#### TASK OBJECTIVE:
Go to the line holding "unfolding \<psi>_def[abs_def] using" in the entries below and write out exactly every line down to and including the line holding "by (rule has_field_derivative_transform_within_open[of".

:: PROVIDED DATA ::

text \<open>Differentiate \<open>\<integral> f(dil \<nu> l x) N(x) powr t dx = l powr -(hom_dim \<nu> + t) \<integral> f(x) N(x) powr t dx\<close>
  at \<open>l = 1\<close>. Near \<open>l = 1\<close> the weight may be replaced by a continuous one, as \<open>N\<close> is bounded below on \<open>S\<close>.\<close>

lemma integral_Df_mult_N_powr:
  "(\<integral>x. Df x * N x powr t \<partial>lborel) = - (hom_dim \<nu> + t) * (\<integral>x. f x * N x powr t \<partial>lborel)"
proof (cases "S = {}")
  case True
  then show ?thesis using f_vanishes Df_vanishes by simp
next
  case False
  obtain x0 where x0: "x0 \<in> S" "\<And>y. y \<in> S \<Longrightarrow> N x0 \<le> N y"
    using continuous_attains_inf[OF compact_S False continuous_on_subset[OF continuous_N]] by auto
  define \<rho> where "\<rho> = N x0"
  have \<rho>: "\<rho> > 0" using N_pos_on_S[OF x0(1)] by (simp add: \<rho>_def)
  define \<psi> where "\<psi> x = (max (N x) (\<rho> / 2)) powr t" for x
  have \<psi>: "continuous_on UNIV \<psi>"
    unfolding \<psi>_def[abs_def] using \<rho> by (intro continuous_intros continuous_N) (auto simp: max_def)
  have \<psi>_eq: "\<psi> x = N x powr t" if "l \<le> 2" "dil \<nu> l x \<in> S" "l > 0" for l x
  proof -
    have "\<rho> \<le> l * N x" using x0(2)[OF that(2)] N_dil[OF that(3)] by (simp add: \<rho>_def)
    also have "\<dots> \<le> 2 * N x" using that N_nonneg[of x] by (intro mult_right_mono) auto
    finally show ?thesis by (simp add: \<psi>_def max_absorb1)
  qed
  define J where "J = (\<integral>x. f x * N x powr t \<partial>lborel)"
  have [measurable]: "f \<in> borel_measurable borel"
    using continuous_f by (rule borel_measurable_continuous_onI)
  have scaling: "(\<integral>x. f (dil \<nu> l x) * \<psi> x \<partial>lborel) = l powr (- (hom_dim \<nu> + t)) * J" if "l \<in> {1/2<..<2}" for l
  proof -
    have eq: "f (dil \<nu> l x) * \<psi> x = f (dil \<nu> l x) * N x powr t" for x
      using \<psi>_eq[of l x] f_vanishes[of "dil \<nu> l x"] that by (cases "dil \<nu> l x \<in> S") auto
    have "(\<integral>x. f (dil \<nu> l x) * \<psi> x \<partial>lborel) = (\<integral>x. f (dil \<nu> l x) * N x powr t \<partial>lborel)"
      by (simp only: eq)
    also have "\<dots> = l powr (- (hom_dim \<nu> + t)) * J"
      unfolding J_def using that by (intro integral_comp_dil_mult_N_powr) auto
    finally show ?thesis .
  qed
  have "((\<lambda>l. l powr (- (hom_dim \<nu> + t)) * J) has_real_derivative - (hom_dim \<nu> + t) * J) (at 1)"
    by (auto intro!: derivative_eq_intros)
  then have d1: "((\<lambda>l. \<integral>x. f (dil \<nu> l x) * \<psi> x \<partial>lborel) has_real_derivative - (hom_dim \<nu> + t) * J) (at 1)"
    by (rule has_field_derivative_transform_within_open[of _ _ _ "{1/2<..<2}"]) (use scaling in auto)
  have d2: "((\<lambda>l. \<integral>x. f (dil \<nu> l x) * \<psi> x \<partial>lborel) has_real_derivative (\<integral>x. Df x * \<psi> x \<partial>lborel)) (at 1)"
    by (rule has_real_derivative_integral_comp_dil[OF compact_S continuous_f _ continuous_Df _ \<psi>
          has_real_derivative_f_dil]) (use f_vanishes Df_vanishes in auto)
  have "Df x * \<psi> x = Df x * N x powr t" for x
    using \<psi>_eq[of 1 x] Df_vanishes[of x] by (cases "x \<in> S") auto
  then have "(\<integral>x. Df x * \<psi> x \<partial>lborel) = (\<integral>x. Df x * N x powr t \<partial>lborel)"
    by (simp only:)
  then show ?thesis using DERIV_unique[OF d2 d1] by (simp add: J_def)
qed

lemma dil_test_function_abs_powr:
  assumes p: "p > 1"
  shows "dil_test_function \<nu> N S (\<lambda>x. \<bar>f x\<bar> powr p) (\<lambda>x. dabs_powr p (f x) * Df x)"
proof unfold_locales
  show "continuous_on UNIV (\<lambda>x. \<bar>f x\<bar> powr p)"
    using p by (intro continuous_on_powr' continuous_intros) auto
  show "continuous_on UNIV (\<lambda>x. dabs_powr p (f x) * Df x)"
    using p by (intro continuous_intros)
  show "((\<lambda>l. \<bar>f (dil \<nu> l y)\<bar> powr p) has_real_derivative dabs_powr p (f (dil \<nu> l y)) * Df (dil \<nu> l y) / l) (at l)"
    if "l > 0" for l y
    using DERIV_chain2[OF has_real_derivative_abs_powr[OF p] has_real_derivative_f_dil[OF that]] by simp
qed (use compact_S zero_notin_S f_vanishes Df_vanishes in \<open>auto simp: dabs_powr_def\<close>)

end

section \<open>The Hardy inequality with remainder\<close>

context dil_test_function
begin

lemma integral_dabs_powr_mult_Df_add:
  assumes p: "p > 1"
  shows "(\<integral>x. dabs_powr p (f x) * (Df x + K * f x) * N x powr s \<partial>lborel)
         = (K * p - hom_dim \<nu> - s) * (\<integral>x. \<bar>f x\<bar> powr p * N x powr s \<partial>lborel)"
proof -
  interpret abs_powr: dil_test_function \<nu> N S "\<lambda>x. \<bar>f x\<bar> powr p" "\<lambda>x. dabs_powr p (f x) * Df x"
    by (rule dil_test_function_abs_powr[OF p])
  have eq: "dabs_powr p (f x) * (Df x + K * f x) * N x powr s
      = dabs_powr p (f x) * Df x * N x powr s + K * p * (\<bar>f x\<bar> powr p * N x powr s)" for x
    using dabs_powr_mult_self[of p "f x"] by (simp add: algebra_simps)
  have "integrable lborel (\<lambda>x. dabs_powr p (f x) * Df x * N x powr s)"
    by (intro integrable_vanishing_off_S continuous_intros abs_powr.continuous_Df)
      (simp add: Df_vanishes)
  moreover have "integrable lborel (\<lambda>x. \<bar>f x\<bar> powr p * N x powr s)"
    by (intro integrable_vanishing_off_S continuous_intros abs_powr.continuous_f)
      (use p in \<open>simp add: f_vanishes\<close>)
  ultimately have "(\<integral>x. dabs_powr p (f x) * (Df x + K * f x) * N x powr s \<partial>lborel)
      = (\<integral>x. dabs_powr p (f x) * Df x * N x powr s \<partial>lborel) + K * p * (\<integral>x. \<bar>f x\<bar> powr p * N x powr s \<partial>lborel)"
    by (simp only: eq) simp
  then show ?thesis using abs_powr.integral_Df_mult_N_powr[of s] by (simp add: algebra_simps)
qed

:::
:: PROVIDED DATA ::

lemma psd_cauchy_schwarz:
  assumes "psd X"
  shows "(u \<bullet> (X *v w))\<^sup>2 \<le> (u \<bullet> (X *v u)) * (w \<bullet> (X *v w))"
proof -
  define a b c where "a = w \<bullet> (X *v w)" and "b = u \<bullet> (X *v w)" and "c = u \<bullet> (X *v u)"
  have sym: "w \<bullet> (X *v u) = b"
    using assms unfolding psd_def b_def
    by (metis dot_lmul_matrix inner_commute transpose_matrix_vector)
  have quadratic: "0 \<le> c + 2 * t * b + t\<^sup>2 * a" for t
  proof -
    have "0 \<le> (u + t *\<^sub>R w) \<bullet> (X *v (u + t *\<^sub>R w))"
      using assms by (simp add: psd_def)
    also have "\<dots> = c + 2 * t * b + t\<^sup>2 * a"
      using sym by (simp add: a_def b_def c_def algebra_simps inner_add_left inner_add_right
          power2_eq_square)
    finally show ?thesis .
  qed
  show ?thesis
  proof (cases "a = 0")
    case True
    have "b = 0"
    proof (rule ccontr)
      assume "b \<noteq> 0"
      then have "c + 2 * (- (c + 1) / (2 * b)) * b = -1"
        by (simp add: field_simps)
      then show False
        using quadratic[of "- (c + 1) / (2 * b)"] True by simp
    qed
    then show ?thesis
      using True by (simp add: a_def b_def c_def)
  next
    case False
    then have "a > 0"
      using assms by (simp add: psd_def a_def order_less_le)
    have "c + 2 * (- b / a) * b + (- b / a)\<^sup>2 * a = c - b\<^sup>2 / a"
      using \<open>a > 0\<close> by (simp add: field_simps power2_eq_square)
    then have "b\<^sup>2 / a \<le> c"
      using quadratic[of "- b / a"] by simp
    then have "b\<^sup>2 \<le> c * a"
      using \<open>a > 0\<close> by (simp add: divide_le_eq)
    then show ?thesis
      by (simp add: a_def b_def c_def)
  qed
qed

:::

#### RESPONSE TO THIS EXERCISE:
    unfolding \<psi>_def[abs_def] using \<rho> by (intro continuous_intros continuous_N) (auto simp: max_def)
  have \<psi>_eq: "\<psi> x = N x powr t" if "l \<le> 2" "dil \<nu> l x \<in> S" "l > 0" for l x
  proof -
    have "\<rho> \<le> l * N x" using x0(2)[OF that(2)] N_dil[OF that(3)] by (simp add: \<rho>_def)
    also have "\<dots> \<le> 2 * N x" using that N_nonneg[of x] by (intro mult_right_mono) auto
    finally show ?thesis by (simp add: \<psi>_def max_absorb1)
  qed
  define J where "J = (\<integral>x. f x * N x powr t \<partial>lborel)"
  have [measurable]: "f \<in> borel_measurable borel"
    using continuous_f by (rule borel_measurable_continuous_onI)
  have scaling: "(\<integral>x. f (dil \<nu> l x) * \<psi> x \<partial>lborel) = l powr (- (hom_dim \<nu> + t)) * J" if "l \<in> {1/2<..<2}" for l
  proof -
    have eq: "f (dil \<nu> l x) * \<psi> x = f (dil \<nu> l x) * N x powr t" for x
      using \<psi>_eq[of l x] f_vanishes[of "dil \<nu> l x"] that by (cases "dil \<nu> l x \<in> S") auto
    have "(\<integral>x. f (dil \<nu> l x) * \<psi> x \<partial>lborel) = (\<integral>x. f (dil \<nu> l x) * N x powr t \<partial>lborel)"
      by (simp only: eq)
    also have "\<dots> = l powr (- (hom_dim \<nu> + t)) * J"
      unfolding J_def using that by (intro integral_comp_dil_mult_N_powr) auto
    finally show ?thesis .
  qed
  have "((\<lambda>l. l powr (- (hom_dim \<nu> + t)) * J) has_real_derivative - (hom_dim \<nu> + t) * J) (at 1)"
    by (auto intro!: derivative_eq_intros)
  then have d1: "((\<lambda>l. \<integral>x. f (dil \<nu> l x) * \<psi> x \<partial>lborel) has_real_derivative - (hom_dim \<nu> + t) * J) (at 1)"
    by (rule has_field_derivative_transform_within_open[of _ _ _ "{1/2<..<2}"]) (use scaling in auto)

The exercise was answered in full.